WORK TO BE COMPLETED ->
Word for word, reproduce every line of the data below.

:: DATA SUPPLIED ::

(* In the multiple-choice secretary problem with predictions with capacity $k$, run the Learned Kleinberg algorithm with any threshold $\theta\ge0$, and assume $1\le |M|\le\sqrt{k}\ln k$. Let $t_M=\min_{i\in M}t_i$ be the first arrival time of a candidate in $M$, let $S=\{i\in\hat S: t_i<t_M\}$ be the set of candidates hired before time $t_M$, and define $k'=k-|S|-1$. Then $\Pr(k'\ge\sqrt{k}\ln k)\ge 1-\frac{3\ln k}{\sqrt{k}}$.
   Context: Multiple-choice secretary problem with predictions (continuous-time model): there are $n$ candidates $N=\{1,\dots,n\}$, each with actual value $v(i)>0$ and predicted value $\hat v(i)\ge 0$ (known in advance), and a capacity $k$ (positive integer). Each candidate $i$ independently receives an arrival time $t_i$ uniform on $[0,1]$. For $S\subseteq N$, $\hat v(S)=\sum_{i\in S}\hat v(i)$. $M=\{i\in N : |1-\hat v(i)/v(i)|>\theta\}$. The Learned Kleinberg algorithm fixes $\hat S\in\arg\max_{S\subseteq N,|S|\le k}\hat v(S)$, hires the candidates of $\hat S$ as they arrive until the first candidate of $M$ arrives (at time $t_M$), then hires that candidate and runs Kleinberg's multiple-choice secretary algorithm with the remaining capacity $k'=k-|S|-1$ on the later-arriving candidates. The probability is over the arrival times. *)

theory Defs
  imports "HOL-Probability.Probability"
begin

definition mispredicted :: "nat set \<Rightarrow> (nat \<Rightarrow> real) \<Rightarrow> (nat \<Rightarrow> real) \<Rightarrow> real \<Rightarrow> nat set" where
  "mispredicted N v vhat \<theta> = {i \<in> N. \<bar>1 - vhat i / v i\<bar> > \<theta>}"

:::

RESPONSE FOR THIS EXERCISE ->
(* In the multiple-choice secretary problem with predictions with capacity $k$, run the Learned Kleinberg algorithm with any threshold $\theta\ge0$, and assume $1\le |M|\le\sqrt{k}\ln k$. Let $t_M=\min_{i\in M}t_i$ be the first arrival time of a candidate in $M$, let $S=\{i\in\hat S: t_i<t_M\}$ be the set of candidates hired before time $t_M$, and define $k'=k-|S|-1$. Then $\Pr(k'\ge\sqrt{k}\ln k)\ge 1-\frac{3\ln k}{\sqrt{k}}$.
   Context: Multiple-choice secretary problem with predictions (continuous-time model): there are $n$ candidates $N=\{1,\dots,n\}$, each with actual value $v(i)>0$ and predicted value $\hat v(i)\ge 0$ (known in advance), and a capacity $k$ (positive integer). Each candidate $i$ independently receives an arrival time $t_i$ uniform on $[0,1]$. For $S\subseteq N$, $\hat v(S)=\sum_{i\in S}\hat v(i)$. $M=\{i\in N : |1-\hat v(i)/v(i)|>\theta\}$. The Learned Kleinberg algorithm fixes $\hat S\in\arg\max_{S\subseteq N,|S|\le k}\hat v(S)$, hires the candidates of $\hat S$ as they arrive until the first candidate of $M$ arrives (at time $t_M$), then hires that candidate and runs Kleinberg's multiple-choice secretary algorithm with the remaining capacity $k'=k-|S|-1$ on the later-arriving candidates. The probability is over the arrival times. *)

theory Defs
  imports "HOL-Probability.Probability"
begin

definition mispredicted :: "nat set \<Rightarrow> (nat \<Rightarrow> real) \<Rightarrow> (nat \<Rightarrow> real) \<Rightarrow> real \<Rightarrow> nat set" where
  "mispredicted N v vhat \<theta> = {i \<in> N. \<bar>1 - vhat i / v i\<bar> > \<theta>}"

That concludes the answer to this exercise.